■ WORK TASK:
Output range, inclusive: from the line containing "theory Defs" to the line containing "E = measure_pmf.prob". Restate those lines from the data below word for word and only those.

■ MATERIAL FOR THE TASK:
(* Let $S_{\mathbf{A}}$ be a finite set of generalized side informations $\mathbf{A}\in\mathcal{C}(\mathbf{X})$. For every $\epsilon>0$, $R_{lb}(\mathbf{D}+\epsilon\mathbf{1})\ge R'_{lb}(\mathbf{D}+\epsilon\mathbf{1})$, where $R'_{lb}(\mathbf{D}+\epsilon\mathbf{1})$ is the infimum of $K(\emptyset)-\epsilon$ over all $K:S_{\mathbf{A}}\to[0,\infty)$ satisfying, for all elements of $S_{\mathbf{A}}$ involved: (initialize) $K(\mathbf{X})=0$; (non-negativity) $K(\mathbf{A})\ge0$; (monotonicity) $K((\mathbf{A},\mathbf{C}))\ge K((\mathbf{B},\mathbf{C}))$ whenever $(\mathbf{B}\succeq\mathbf{A}|\mathbf{C})$; (monotonicity+) $K(\mathbf{A})\ge K(\mathbf{B})+R(\mathbf{D_A}+\epsilon\mathbf{1})$ whenever $\mathbf{A}\leftrightarrow\mathbf{B}\leftrightarrow\mathbf{X}$; (submodularity) $K(\mathbf{A})+K(\mathbf{B})\ge K(\mathbf{C})+K((\mathbf{A},\mathbf{B}))$ for all couplings with $\mathbf{B}\leftrightarrow\mathbf{C}\leftrightarrow\mathbf{A}$ and $\mathbf{C}=f_1(\mathbf{A})$ or $\mathbf{C}=f_2(\mathbf{B})$ for deterministic $f_1,f_2$. Here, for a pair with $\mathbf{A}\leftrightarrow\mathbf{B}\leftrightarrow\mathbf{X}$, $\mathbf{D_A}=\{\mathbf{D_i}:\mathbf{Y_i}\leftrightarrow\mathbf{A}\leftrightarrow\mathbf{X}\}$ and $R(\mathbf{D_A}+\epsilon\mathbf{1})=\min I(\mathbf{B};\mathbf{V}|\mathbf{A})$, the minimum over random vectors $\mathbf{V}$ jointly distributed with $(\mathbf{X},\mathbf{A},\mathbf{B},\mathbf{Y_1},\dots,\mathbf{Y_m})$ with $\mathbf{V}\leftrightarrow\mathbf{X}\leftrightarrow(\mathbf{A},\mathbf{B},\mathbf{Y_1},\dots,\mathbf{Y_m})$ for which there exist functions $g_i$ with $E[d_i(\mathbf{X},g_i(\mathbf{V},\mathbf{Y_i}))]\le\mathbf{D_i}+\epsilon\mathbf{1}$ for every $i$ with $\mathbf{D_i}\in\mathbf{D_A}$.
   Context: Setting as for the LP lower bound: source $\mathbf{X}$, side informations $\mathbf{Y_i}$, distortion measures $d_i$ and constraints $\mathbf{D_i}$. $\mathcal{C}(\mathbf{X})$ is the set of random vectors coupled to $\mathbf{X}$ (joint distributions whose first component has the law of $\mathbf{X}$), called generalized side information. $(\mathbf{B}\succeq\mathbf{A}|\mathbf{C})$ means $I(\mathbf{W};\mathbf{B}|\mathbf{C})\ge I(\mathbf{W};\mathbf{A}|\mathbf{C})$ for all $\mathbf{W}$ with $\mathbf{W}\leftrightarrow(\mathbf{X},\mathbf{C})\leftrightarrow(\mathbf{A},\mathbf{B})$. $K(\emptyset)$ denotes the common value of $K$ at deterministic random vectors. $R_{lb}(\mathbf{D}+\epsilon\mathbf{1})=\inf_{\mathbf{V}\in\mathcal{C}(\mathbf{X})}\inf_{\mathbf{U}_\cdot}R^{LP}_{lb}(\epsilon)$, where $\mathbf{U}_\cdot$ assigns to each $\mathbf{A}\in\mathcal{C}(\mathbf{X})$ a random vector $\mathbf{U_A}$ jointly distributed with $(\mathbf{X},\mathbf{V})$ such that: (1) $\mathbf{U_B}$ is independent of $\mathbf{X}$; (2) if $\mathbf{X}\leftrightarrow\mathbf{B}\leftrightarrow(A_1,\dots,A_s)$ is possible then $\mathbf{U_B},(U_{A_1},\dots,U_{A_s})$ can be coupled with $(\mathbf{X},\mathbf{V})$ so that $\mathbf{X}\leftrightarrow(\mathbf{V},\mathbf{U_B})\leftrightarrow(U_{A_1},\dots,U_{A_s})$; (3) there are $g_i$ with $E[d_i(\mathbf{X},g_i(\mathbf{V},\mathbf{U_{Y_i}},\mathbf{Y_i}))]\le\mathbf{D_i}+\epsilon\mathbf{1}$. $R^{LP}_{lb}(\epsilon)$ is the infimum of $K(\emptyset)-\epsilon$ over $K:\mathcal{C}(\mathbf{X})\to[0,\infty)$ (constant on deterministic vectors) with: $K(\mathbf{X})=0$; $K(\mathbf{A})\ge0$; $K(\mathbf{B})+I(\mathbf{B};\mathbf{V},\mathbf{U_B}|\mathbf{A})\ge K(\mathbf{A})$ when $\mathbf{A}\leftrightarrow\mathbf{B}\leftrightarrow\mathbf{X}$; $K((\mathbf{A},\mathbf{C}))\ge K((\mathbf{B},\mathbf{C}))$ when $(\mathbf{B}\succeq\mathbf{A}|\mathbf{C})$; $K(\mathbf{A})\ge K(\mathbf{B})+I(\mathbf{B};\mathbf{V},\mathbf{U_A}|\mathbf{A})$ when $\mathbf{A}\leftrightarrow\mathbf{B}\leftrightarrow\mathbf{X}$; $K(\mathbf{A})+K(\mathbf{B})\ge K(\mathbf{C})+K((\mathbf{A},\mathbf{B}))$ when $\mathbf{B}\leftrightarrow\mathbf{C}\leftrightarrow\mathbf{A}$ and $\mathbf{C}=f_1(\mathbf{A})$ or $\mathbf{C}=f_2(\mathbf{B})$; with $(\mathbf{U_A},\mathbf{V})\leftrightarrow\mathbf{X}\leftrightarrow(\mathbf{A},\mathbf{B})$ whenever these appear together. *)

theory Defs
  imports "HOL-Probability.Probability_Mass_Function" "HOL-Library.Countable"
          "HOL-Library.Nat_Bijection" "HOL-Library.Extended_Real"
begin

text \<open>Random variables are functions on the sample space of a pmf with finite support.\<close>

definition prb :: "'w pmf \<Rightarrow> ('w \<Rightarrow> bool) \<Rightarrow> real" where
  "prb \<omega> E = measure_pmf.prob \<omega> {w. E w}"

definition markov :: "'w pmf \<Rightarrow> ('w \<Rightarrow> 'a) \<Rightarrow> ('w \<Rightarrow> 'b) \<Rightarrow> ('w \<Rightarrow> 'c) \<Rightarrow> bool" where
  "markov \<omega> A B C \<longleftrightarrow>
     (\<forall>a b c. prb \<omega> (\<lambda>w. A w = a \<and> B w = b \<and> C w = c) * prb \<omega> (\<lambda>w. B w = b)
            = prb \<omega> (\<lambda>w. A w = a \<and> B w = b) * prb \<omega> (\<lambda>w. B w = b \<and> C w = c))"

definition indep_rv :: "'w pmf \<Rightarrow> ('w \<Rightarrow> 'a) \<Rightarrow> ('w \<Rightarrow> 'b) \<Rightarrow> bool" where
  "indep_rv \<omega> A B \<longleftrightarrow>
     (\<forall>a b. prb \<omega> (\<lambda>w. A w = a \<and> B w = b) = prb \<omega> (\<lambda>w. A w = a) * prb \<omega> (\<lambda>w. B w = b))"

definition ent :: "'w pmf \<Rightarrow> ('w \<Rightarrow> 'a) \<Rightarrow> real" where
  "ent \<omega> F = (\<Sum>v\<in>set_pmf (map_pmf F \<omega>). - pmf (map_pmf F \<omega>) v * log 2 (pmf (map_pmf F \<omega>) v))"

definition cmi :: "'w pmf \<Rightarrow> ('w \<Rightarrow> 'a) \<Rightarrow> ('w \<Rightarrow> 'b) \<Rightarrow> ('w \<Rightarrow> 'c) \<Rightarrow> real" where
  "cmi \<omega> A B C = ent \<omega> (\<lambda>w. (A w, C w)) + ent \<omega> (\<lambda>w. (B w, C w))
                 - ent \<omega> (\<lambda>w. (A w, B w, C w)) - ent \<omega> C"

■ TASK SOLUTION:
theory Defs
  imports "HOL-Probability.Probability_Mass_Function" "HOL-Library.Countable"
          "HOL-Library.Nat_Bijection" "HOL-Library.Extended_Real"
begin

text \<open>Random variables are functions on the sample space of a pmf with finite support.\<close>

definition prb :: "'w pmf \<Rightarrow> ('w \<Rightarrow> bool) \<Rightarrow> real" where
  "prb \<omega> E = measure_pmf.prob \<omega> {w. E w}"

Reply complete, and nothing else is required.